Опубликовано в журнале Звезда, номер 1, 2018
Эрланд Юсефсон. Роль.
М: Baltrus-Новое издательство, 2005
В 1989 году Эрланд Юсефсон — шведский актер театра и кино, наиболее нам известный по ролям в фильмах Бергмана и Тарковского — играл Гаева в «Вишневом саде» Питера Брука. Постановка шла в Москве, Ленинграде, Тбилиси и Токио. Два с половиной месяца Юсефсон методично делал записи, с редкими исключениями — каждый день.
«Я рад, что веду дневник. Если б я этого не делал, все бы просто растворилось в тумане, которым окружены многие мои контакты и опыт, приобретенный за пределами Швеции».
До сих пор находятся люди, предполагающие, что частные записи — это переливание с одной страницы на другую чего-то вроде сплетен и откровенных признаний, и нельзя сказать, что это не так. Но каждый автор самостоятельно выбирает дискурс своей прямой речи. Юсефсон, не сменяя сдержанного скандинавского тона, пишет об отношениях в труппе, уходит в рассуждения о театральном искусстве и ремесле актера, в Советском Союзе часто вспоминает о Тарковском, за его пределами — о Бергмане и итальянских кинематографистах, подробно записывает впечатления от Токио и японской культуры и много пишет о себе. Старательно, как будто выполняя собственное задание, он записывает ощущения прошедшего дня, впечатления от сыгранной пьесы, любые пришедшие на ум воспоминания, и тонким лейтмотивом — родина, Швеция.

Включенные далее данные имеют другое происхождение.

lemma prod_embed_mult:
  "i < m \<Longrightarrow> a \<in> carrier (Rs i) \<Longrightarrow> b \<in> carrier (Rs i) \<Longrightarrow>
     prod_embed m Rs i (a \<otimes>\<^bsub>Rs i\<^esub> b) = prod_embed m Rs i a \<otimes>\<^bsub>R\<^esub> prod_embed m Rs i b"
  by (auto simp: prod_embed_def prod_ring_mult intro!: ext ring.ring_simprules ring_Rs)


lemma prod_single_component [simp]: "i < m \<Longrightarrow> prod_single m Rs i a i = a"
  by (simp add: prod_single_def)

lemma subgroup_comp_subgroup:
  assumes K: "subgroup K (units_of R)" and i: "i < m"
  shows "subgroup (comp_subgroup m Rs K i) (units_of (Rs i))"
proof -
  interpret Ri: ring "Rs i" using ring_Rs i .
  note K_closed = units_of_subgroupD[OF ring.is_monoid[OF ring_prod_ring] K]
  show ?thesis
  proof (rule group.subgroupI[OF Ri.units_group])
    show "comp_subgroup m Rs K i \<subseteq> carrier (units_of (Rs i))"
      by (auto simp: comp_subgroup_def units_of_carrier)
    show "comp_subgroup m Rs K i \<noteq> {}"
      using K_closed(2) prod_embed_one by (auto simp: comp_subgroup_def)
  next
    fix a assume a: "a \<in> comp_subgroup m Rs K i"
    then have aU: "a \<in> Units (Rs i)" and aK: "prod_embed m Rs i a \<in> K"
      by (auto simp: comp_subgroup_def)
    have a_carrier: "a \<in> carrier (Rs i)" "inv\<^bsub>Rs i\<^esub> a \<in> carrier (Rs i)"
      using aU by auto
    have "prod_embed m Rs i (inv\<^bsub>Rs i\<^esub> a) = inv\<^bsub>R\<^esub> (prod_embed m Rs i a)"
    proof (rule monoid.inv_unique'[OF ring.is_monoid[OF ring_prod_ring]])
      show "prod_embed m Rs i a \<in> carrier R" "prod_embed m Rs i (inv\<^bsub>Rs i\<^esub> a) \<in> carrier R"
        using aU i prod_embed_carrier by auto
      show "prod_embed m Rs i a \<otimes>\<^bsub>R\<^esub> prod_embed m Rs i (inv\<^bsub>Rs i\<^esub> a) = \<one>\<^bsub>R\<^esub>"
        "prod_embed m Rs i (inv\<^bsub>Rs i\<^esub> a) \<otimes>\<^bsub>R\<^esub> prod_embed m Rs i a = \<one>\<^bsub>R\<^esub>"
        using aU a_carrier i by (simp_all add: prod_embed_one flip: prod_embed_mult)
    qed
    then show "inv\<^bsub>units_of (Rs i)\<^esub> a \<in> comp_subgroup m Rs K i"
      using aU K_closed(4)[OF aK] by (simp add: Ri.units_of_inv comp_subgroup_def)
  next
    fix a b assume a: "a \<in> comp_subgroup m Rs K i" and b: "b \<in> comp_subgroup m Rs K i"
    then have "a \<in> carrier (Rs i)" "b \<in> carrier (Rs i)"
      by (auto simp: comp_subgroup_def Units_def)
    then show "a \<otimes>\<^bsub>units_of (Rs i)\<^esub> b \<in> comp_subgroup m Rs K i"
      using a b i K_closed(3) by (auto simp: comp_subgroup_def units_of_mult prod_embed_mult)
  qed
qed

lemma restrict_mem_of_comp_subgroup:
  assumes K: "subgroup K (units_of R)" and \<kappa>: "\<And>i. i < m \<Longrightarrow> \<kappa> i \<in> comp_subgroup m Rs K i"
  shows "(\<lambda>i\<in>{..<m}. \<kappa> i) \<in> K"
proof -
  note K_closed = units_of_subgroupD[OF ring.is_monoid[OF ring_prod_ring] K]
  have \<kappa>_carrier: "\<And>i. i < m \<Longrightarrow> \<kappa> i \<in> carrier (Rs i)"
    using \<kappa> by (auto simp: comp_subgroup_def Units_def)
  have "(\<lambda>j\<in>{..<m}. if j < n then \<kappa> j else \<one>\<^bsub>Rs j\<^esub>) \<in> K" if "n \<le> m" for n
    using that
  proof (induction n)
    case 0
    have "(\<lambda>j\<in>{..<m}. if j < 0 then \<kappa> j else \<one>\<^bsub>Rs j\<^esub>) = \<one>\<^bsub>R\<^esub>"
      by (simp add: prod_ring_one)
    then show ?case using K_closed(2) by simp
  next
    case (Suc n)
    have step: "(\<lambda>j\<in>{..<m}. if j < Suc n then \<kappa> j else \<one>\<^bsub>Rs j\<^esub>) =
      (\<lambda>j\<in>{..<m}. if j < n then \<kappa> j else \<one>\<^bsub>Rs j\<^esub>) \<otimes>\<^bsub>R\<^esub> prod_embed m Rs n (\<kappa> n)"
      using Suc.prems \<kappa>_carrier by (auto simp: prod_ring_mult prod_embed_def)
    have "prod_embed m Rs n (\<kappa> n) \<in> K"
      using \<kappa>[of n] Suc.prems by (simp add: comp_subgroup_def)
    then show ?case
      unfolding step using K_closed(3) Suc.IH[OF Suc_leD[OF Suc.prems]] by blast
  qed
  moreover have "(\<lambda>j\<in>{..<m}. if j < m then \<kappa> j else \<one>\<^bsub>Rs j\<^esub>) = (\<lambda>j\<in>{..<m}. \<kappa> j)"
    by (rule restrict_ext) simp
  ultimately show ?thesis by (metis order_refl)
qed

lemma prod_map_ring_hom_iff:
  "prod_map m Rs fs \<in> ring_hom R R \<longleftrightarrow> (\<forall>i<m. fs i \<in> ring_hom (Rs i) (Rs i))"
proof
  let ?F = "prod_map m Rs fs"
  assume F: "?F \<in> ring_hom R R"
  show "\<forall>i<m. fs i \<in> ring_hom (Rs i) (Rs i)"
  proof (intro allI impI ring_hom_memI)
    fix i assume i: "i < m"
    note F_component = prod_map_apply_component[OF _ i, where Rs = Rs and fs = fs]
    fix a b assume a: "a \<in> carrier (Rs i)" and b: "b \<in> carrier (Rs i)"
    note single = prod_single_carrier[OF i a] prod_single_carrier[OF i b]
    show "fs i a \<in> carrier (Rs i)"
      using F_component[OF single(1)] prod_ring_carrier_component[OF ring_hom_closed[OF F single(1)] i] i
      by simp
    have "fs i (a \<otimes>\<^bsub>Rs i\<^esub> b) = ?F (prod_single m Rs i a \<otimes>\<^bsub>R\<^esub> prod_single m Rs i b) i"
      using F_component[OF ring.ring_simprules(5)[OF ring_prod_ring single]] i
      by (simp add: prod_ring_mult)
    then show "fs i (a \<otimes>\<^bsub>Rs i\<^esub> b) = fs i a \<otimes>\<^bsub>Rs i\<^esub> fs i b"
      using ring_hom_mult[OF F single] F_component single i by (simp add: prod_ring_mult)
    have "fs i (a \<oplus>\<^bsub>Rs i\<^esub> b) = ?F (prod_single m Rs i a \<oplus>\<^bsub>R\<^esub> prod_single m Rs i b) i"
      using F_component[OF ring.ring_simprules(1)[OF ring_prod_ring single]] i
      by (simp add: prod_ring_add)
    then show "fs i (a \<oplus>\<^bsub>Rs i\<^esub> b) = fs i a \<oplus>\<^bsub>Rs i\<^esub> fs i b"
      using ring_hom_add[OF F single] F_component single i by (simp add: prod_ring_add)
  next
    fix i assume i: "i < m"
    show "fs i \<one>\<^bsub>Rs i\<^esub> = \<one>\<^bsub>Rs i\<^esub>"
      using fun_cong[OF ring_hom_one[OF F], of i] i
        prod_map_apply_component[OF ring.ring_simprules(6)[OF ring_prod_ring] i, where fs = fs]
      by (simp add: prod_ring_one)
  qed
next
  let ?F = "prod_map m Rs fs"
  assume fs: "\<forall>i<m. fs i \<in> ring_hom (Rs i) (Rs i)"
  show "?F \<in> ring_hom R R"
  proof (rule ring_hom_memI)
    fix x y assume x: "x \<in> carrier R" and y: "y \<in> carrier R"
    note x_i = prod_ring_carrier_component[OF x] and y_i = prod_ring_carrier_component[OF y]
    show "?F x \<in> carrier R"
      using fs x_i by (auto simp: prod_map_apply[OF x] prod_ring_carrier ring_hom_closed)
    have "x \<otimes>\<^bsub>R\<^esub> y \<in> carrier R" "x \<oplus>\<^bsub>R\<^esub> y \<in> carrier R"
      using x y ring.ring_simprules(1,5)[OF ring_prod_ring] by auto
    then show "?F (x \<otimes>\<^bsub>R\<^esub> y) = ?F x \<otimes>\<^bsub>R\<^esub> ?F y" and "?F (x \<oplus>\<^bsub>R\<^esub> y) = ?F x \<oplus>\<^bsub>R\<^esub> ?F y"
      using fs x_i y_i
      by (auto simp: prod_map_apply x y prod_ring_mult prod_ring_add ring_hom_mult ring_hom_add
          intro!: restrict_ext)
  next
    show "?F \<one>\<^bsub>R\<^esub> = \<one>\<^bsub>R\<^esub>"
      using fs ring.ring_simprules(6)[OF ring_prod_ring]
      by (auto simp: prod_map_apply prod_ring_one ring_hom_one intro!: restrict_ext)
  qed
qed

lemma cyc_rel_preserving_componentwise:
  assumes f: "cyc_rel_preserving K R f" "f \<in> carrier R \<rightarrow> carrier R"
    and x: "x \<in> carrier R" and y: "y \<in> carrier R"
  obtains k where "k \<in> K"
    and "\<And>i. i < m \<Longrightarrow> f y i \<ominus>\<^bsub>Rs i\<^esub> f x i = (y i \<ominus>\<^bsub>Rs i\<^esub> x i) \<otimes>\<^bsub>Rs i\<^esub> k i"
proof -
  obtain k where k: "k \<in> K" and e: "f y \<ominus>\<^bsub>R\<^esub> f x = (y \<ominus>\<^bsub>R\<^esub> x) \<otimes>\<^bsub>R\<^esub> k"
    using f(1) x y by (auto simp: cyc_rel_preserving_def)
  have "f x \<in> carrier R" "f y \<in> carrier R" using f(2) x y by auto
  then have "f y i \<ominus>\<^bsub>Rs i\<^esub> f x i = (y i \<ominus>\<^bsub>Rs i\<^esub> x i) \<otimes>\<^bsub>Rs i\<^esub> k i" if "i < m" for i
    using fun_cong[OF e, of i] that x y by (simp add: prod_ring_minus prod_ring_mult)
  then show ?thesis using that k by blast
qed

end

lemma cring_prod_ring:
  assumes cring: "\<And>i. i < m \<Longrightarrow> cring (Rs i)"
  shows "cring (prod_ring m Rs)"
proof -
  interpret ring_family m Rs
    using cring cring.axioms(1) ring_family.intro by blast
  have comm: "x \<otimes>\<^bsub>prod_ring m Rs\<^esub> y = y \<otimes>\<^bsub>prod_ring m Rs\<^esub> x"
    if x: "x \<in> carrier (prod_ring m Rs)" and y: "y \<in> carrier (prod_ring m Rs)" for x y
    unfolding prod_ring_mult
  proof (rule restrict_ext)
    fix i assume "i \<in> {..<m}"
    then have i: "i < m" by simp
    interpret Ri: cring "Rs i" using cring[OF i] .
    show "x i \<otimes>\<^bsub>Rs i\<^esub> y i = y i \<otimes>\<^bsub>Rs i\<^esub> x i"
      using prod_ring_carrier_component[OF x i] prod_ring_carrier_component[OF y i] by (rule Ri.m_comm)
  qed
  show ?thesis
    by (intro cring.intro ring_prod_ring monoid.monoid_comm_monoidI[OF ring.is_monoid[OF ring_prod_ring]] comm)
qed

section \<open>Cyclotomic schemes over a finite direct product\<close>

locale cyc_product = ring_family +
  fixes K :: "(nat \<Rightarrow> 'a) set"
  assumes finite_Rs: "i < m \<Longrightarrow> finite (carrier (Rs i))"
    and subgroup_K: "subgroup K (units_of (prod_ring m Rs))"
begin

abbreviation Ks :: "nat \<Rightarrow> 'a set" where "Ks i \<equiv> comp_subgroup m Rs K i"

lemma K_subset_carrier: "K \<subseteq> carrier R"
  using units_of_subgroupD(1)[OF ring.is_monoid[OF ring_prod_ring] subgroup_K] by (auto simp: Units_def)

lemma cyc_aut_R_iff:
  "f \<in> cyc_aut K R \<longleftrightarrow> f \<in> carrier R \<rightarrow>\<^sub>E carrier R \<and> inj_on f (carrier R) \<and> cyc_rel_preserving K R f"
  using ring.cyc_aut_iff_rel_preserving[OF ring_prod_ring finite_carrier_prod_ring[OF finite_Rs] subgroup_K] .

lemma cyc_aut_Rs_iff:
  "i < m \<Longrightarrow> g \<in> cyc_aut (Ks i) (Rs i) \<longleftrightarrow>
     g \<in> carrier (Rs i) \<rightarrow>\<^sub>E carrier (Rs i) \<and> inj_on g (carrier (Rs i)) \<and> cyc_rel_preserving (Ks i) (Rs i) g"
  using ring.cyc_aut_iff_rel_preserving[OF ring_Rs finite_Rs subgroup_comp_subgroup[OF subgroup_K]] .

lemma cyc_aut_component_eq:
  assumes f: "f \<in> cyc_aut K R" and x: "x \<in> carrier R" and y: "y \<in> carrier R"
    and i: "i < m" and xy: "x i = y i"
  shows "f x i = f y i"
proof -
  interpret Ri: ring "Rs i" using ring_Rs i .
  have f_pres: "cyc_rel_preserving K R f" and fc: "f \<in> carrier R \<rightarrow> carrier R"
    using f cyc_aut_R_iff by auto
  obtain k where k: "k \<in> K"
    and e: "\<And>j. j < m \<Longrightarrow> f y j \<ominus>\<^bsub>Rs j\<^esub> f x j = (y j \<ominus>\<^bsub>Rs j\<^esub> x j) \<otimes>\<^bsub>Rs j\<^esub> k j"
    using cyc_rel_preserving_componentwise[OF f_pres fc x y] by blast
  have "k i \<in> carrier (Rs i)"
    using k K_subset_carrier prod_ring_carrier_component i by blast
  moreover have "y i \<in> carrier (Rs i)" "f x i \<in> carrier (Rs i)" "f y i \<in> carrier (Rs i)"
    using x y fc i prod_ring_carrier_component by blast+
  ultimately have "f y i \<ominus>\<^bsub>Rs i\<^esub> f x i = \<zero>\<^bsub>Rs i\<^esub>"
    using e[OF i] xy by (simp add: Ri.r_neg Ri.minus_eq)
  then show ?thesis using \<open>f x i \<in> carrier (Rs i)\<close> \<open>f y i \<in> carrier (Rs i)\<close> by simp
qed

И с радостью читая рассуждения об искусстве, я с неменьшим вдохновением слежу за ходом мысли Юсефсона, когда он замыкается на разговор о самом себе. Казалось бы, какое дело до совершенно частных вопросов, возникающих при случайных обстоятельствах — ужин в ресторане, перелет Москва—Ленинград, токийский транспорт, — которые автор дневника задает сам себе? С одной стороны, это сродни возможности поговорить с человеком, узнать логику его мысли. С другой — это шанс в очередной раз убедиться в значимости собственного опыта: бесценно в дневнике шведского актера наткнуться на детские воспоминания, которые знакомы и тебе.
«…изменило ли пребывание в Советском Союзе мой подход к роли Гаева. Я сказал, что, надеюсь, оно углубило мое видение.
Думаю, так и есть. Ассоциации стали богаче, прибавилось опыта. Я встретился со всеми чеховскими героями. Жизнерадостные, грустные говоруны, которые так много рассуждают о переменах, что времени на дело уже не остается. Энтузиасты будущего и люди ностальгирующие, мечтатели и люди с совершенно ясными намерениями, горькие пьяницы, бездельники, старухи в длинных очередях, следящие за тем, чтобы, несмотря ни на что, жизнь продолжалась. Равнодушные и заботливые, бессовестные и предупредительные — колоссальная шкала чувствительности и бесчувствия, снобизма, обнаженного отчаяния, фатализма, и пессимизма, и оптимизма, и уверенности, неуклюжее, медленное движение в огромной туше общества, инициатива и рецидив, памятник и траур, жизнь жизнью, а смерть смертью. Сегодня в Ленинграде метель».
Несмотря на эту цитату, которая в усеченном виде вынесена на обложку, в книге мало слов о быте и homo soveticus: практически все время труппа проводила в театре и на официальных встречах, и было сложно получить представление о реальной жизни догорающей страны. Но вряд ли можно подумать, что без этой политико-социологической рефлексии книга становится скучнее. На самом деле мы неплохо знаем самих себя, к тому же многие будущие читатели сами помнят это время, людей в нем; в конце концов, мы все читали Чехова, — а представление об абсолютной современности чеховских героев и ситуаций не покидает Юсефсона.
Неочевидно, но ценным и действительно интересным оказывается иное. Эрланд — не «наш», русский, но и не кардинально другой (скажем, японец); он швед и во многом далек от нашей ментальности, но при этом он очевидно сочувствует нашей культуре и находит в ней свои созвучия.
«Я стал жалеть о своем решении. Стал жалеть себя. Но скоро это прошло. В ящике письменного стола у меня лежало несколько девизов. Афоризм, который я придумал сам: „Эгоцентрик? Я!“ Другой заимствован у художника Курта Улльбергера: „Кладбища полны незаменимыми людьми“. И третий афоризм, который обычно использовал в сложных ситуациях Ингмар Бергман: „Скажи еще что-нибудь, на что мне абсолютно наплевать“. Кроме того, я сказал себе, что если я больше не хочу руководить театром, то мне нужно только встать с кресла и выйти за дверь. Никто меня за это не убьет. Но я остался в кресле. Понимая, что остался в кресле, потому что хотел этого. И мне стало намного легче».